Chloe thrived in her environment and did well on the treatment. We knew she would never be "cured" but we enjoyed every single moment of having her in our lives. She continued to be an active family member, but now we carried her up the stairs, and let her use the deck for her place of relief. We left the sliding door open for her to have the freedom to go out at all times, even in the dead of winter. And as time went on, our daily prep and her care became a second nature to us.

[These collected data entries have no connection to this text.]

theorem mainTheorem3:
  fixes U :: "'a set" and k :: nat and v :: "'a set \<Rightarrow> real"
    and A :: "'a set \<Rightarrow> 'a set" and \<alpha> :: real and l r :: nat
  assumes finU: "finite U"
    and k: "k \<ge> 1"
    and nonneg: "\<forall>S. S \<subseteq> U \<longrightarrow> v S \<ge> 0"
    and mono: "monotone_on_sets U v"
    and submod: "submodular_on U v"
    and alpha: "0 < \<alpha>" "\<alpha> \<le> 1"
    and A_sub: "\<forall>L. L \<subseteq> U \<longrightarrow> A L \<subseteq> L \<and> card (A L) \<le> k"
    and A_approx: "\<forall>L. L \<subseteq> U \<longrightarrow>
        v (A L) \<ge> \<alpha> * Max {v T | T. T \<subseteq> L \<and> card T \<le> k}"
    and l: "1 \<le> l" "l \<le> card U"
    and r: "1 \<le> r" "r \<le> k"
  shows "measure_pmf.expectation (random_order U) (\<lambda>xs. v (ALG A xs l r))
    \<ge> (1 / real l) *
       (measure_pmf.expectation (random_order U) (\<lambda>xs. v (A (set (take l xs))))
        + (real k - 1) * measure_pmf.expectation (random_order U) (\<lambda>xs. v (ALG A xs (l + 1) (r - 1)))
        + (real l - real k) * measure_pmf.expectation (random_order U) (\<lambda>xs. v (ALG A xs (l + 1) r)))"
proof -
  obtain r' where r': "r = Suc r'"
    using r by (cases r) auto
  let ?E = "measure_pmf.expectation (random_order U)"
  let ?f = "\<lambda>xs. v (ALG A xs l r)"
  note integrable = integrable_random_order[OF finU]
  have pointwise: "v (A (set (take l xs))) + (real k - 1) * v (ALG A xs (l + 1) (r - 1))
      + (real l - real k) * v (ALG A xs (l + 1) r) \<le> (\<Sum>i<l. ?f (swap_list i (l - 1) xs))"
    if "xs \<in> set_pmf (random_order U)" for xs
  proof -
    have "distinct xs" "set xs = U" "length xs = card U"
      using that finU
      by (auto simp: set_pmf_random_order permutations_of_setD length_finite_permutations_of_set)
    then show ?thesis
      using sum_ALG_swap_into_round_ge[of xs l A k v r'] A_sub mono submod l r' by simp
  qed
  have "?E (\<lambda>xs. v (A (set (take l xs)))) + (real k - 1) * ?E (\<lambda>xs. v (ALG A xs (l + 1) (r - 1)))
      + (real l - real k) * ?E (\<lambda>xs. v (ALG A xs (l + 1) r))
    = ?E (\<lambda>xs. v (A (set (take l xs))) + (real k - 1) * v (ALG A xs (l + 1) (r - 1))
      + (real l - real k) * v (ALG A xs (l + 1) r))"
    using integrable by simp
  also have "\<dots> \<le> ?E (\<lambda>xs. \<Sum>i<l. ?f (swap_list i (l - 1) xs))"
    using integrable pointwise by (intro integral_mono_AE AE_pmfI) auto
  also have "\<dots> = (\<Sum>i<l. ?E (\<lambda>xs. ?f (swap_list i (l - 1) xs)))"
    using integrable by simp
  also have "\<dots> = real l * ?E ?f"
    using expectation_random_order_swap_list[OF finU, of _ "l - 1" ?f] l by simp
  finally show ?thesis
    using l by (simp add: field_simps)
qed

end
(* Consider an $\mathbb{H}_{2n+1}$-structure on $\mathbb{P}V$ such that $T$ fixes every point of the boundary hyperplane $\mathbb{P}V'$. Let $v$ be the point $\overline{\mathbb{I}\cdot o}\setminus\mathbb{I}\cdot o$ for $o$ in the open orbit, $\hat v\in V$ a nonzero representative, and $\widetilde V=V/\mathbb{C}\hat v$. Then $\mathbb{I}$ (which fixes $v$) acts trivially on $\mathbb{P}\widetilde V$.
   Context: Work over $\mathbb{C}$, $n\ge1$. The Heisenberg group $\mathbb{H}_{2n+1}$ is $\mathbb{W}\times\mathbb{C}$ ($\mathbb{W}$ a $2n$-dimensional space with non-degenerate skew form $\omega$) with law $(w_1,t_1)(w_2,t_2)=(w_1+w_2,t_1+t_2+\tfrac12\omega(w_1,w_2))$; $T=(0,1)$, $\mathbb{I}=\mathbb{C}T$ its center. $V\cong\mathbb{C}^{2n+2}$. An $\mathbb{H}_{2n+1}$-structure on $\mathbb{P}V$ is an effective algebraic action with a dense open orbit, whose boundary (complement of the open orbit) is a hyperplane $\mathbb{P}V'$. The point $v$ lies on the boundary and does not depend on the choice of $o$; projective transformations fixing $v$ preserve the line $\mathbb{C}\hat v$ and so induce projective transformations of $\mathbb{P}\widetilde V$. *)

theory Defs
  imports "HOL-Analysis.Analysis"
begin

definition heis_mul ::
  "(complex^'k::finite \<Rightarrow> complex^'k \<Rightarrow> complex) \<Rightarrow>
   ((complex^'k) \<times> complex) \<Rightarrow> ((complex^'k) \<times> complex) \<Rightarrow> ((complex^'k) \<times> complex)"
  where "heis_mul \<omega> g h = (fst g + fst h, snd g + snd h + (1/2) * \<omega> (fst g) (fst h))"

She developed a kennel cough in May of 2011 and I slept on the floor with her upstairs in order to be near her if she needed me. Chloe took awhile to stop the coughing and it wore her down. It had been 2.5 years since she was diagnosed and she was wearing out. She had another abscessed tooth that became inflamed and we had it removed, but the infection was pretty bad. She refused to eat and seemed to be shaking from being weak and tired. Her urine stain was tinged brown and her blood panels were the highest the vet had ever seen. The time came to make a decision I did not want to make. I had to let Chloe go.
My husband and I were devastated. We placed Chloe on the chair in the living room and "told her" we were releasing her from her pain and suffering. We held a small ceremony with her watching with rapt attention. We rocked her gently, and told her how we loved her. There was a quiet dignity about this angel, she was such a strong survivor. At the vets office I refused to give her to the vets assistant, telling her I mus be the one who held her as she passed. Chloe looked into my husbands eyes and he told her he loved her....she went limp in my arms and her eyes went blank. She was gone. We fell apart together and sobbed tears of sadness and pain. My daughter stood with us and offered support, as she had loved her as had we.
Leaving her was difficult. I laid her down and kissed her sweet head and cheek and fixed her tail so she was lying perfectly on her side. I ridiculously worried she might fall off the table when I left the room. Chloe taught me trust, acceptance, and love. Her countenance was angelic and full of grace. I have cried a thousand tears of woe over her passing. She will be missed more than words can say. My husband and I agreed that with her passing we are suffering a different kind of pain. Our true and endearing friend who loved us so much in her most unselfish way was now at the Rainbow Bridge, and we had to now wait to meet again in the afterlife. The love of a treasured pet is indescribable. No one knows unless it happens to them and then it is a personal suffering.
Bella came to us in 2009. Bella-Gift of Chloe. She is a sheltie who is not to replace or be compared to Chloe, but to be loved in her own right, until the day comes when we will part. Dogs do not live long enough. They worm their way in to our hearts and offer us so much by being present to the now with no thought to tomorrow. How I will miss them all when the time comes to say goodbye.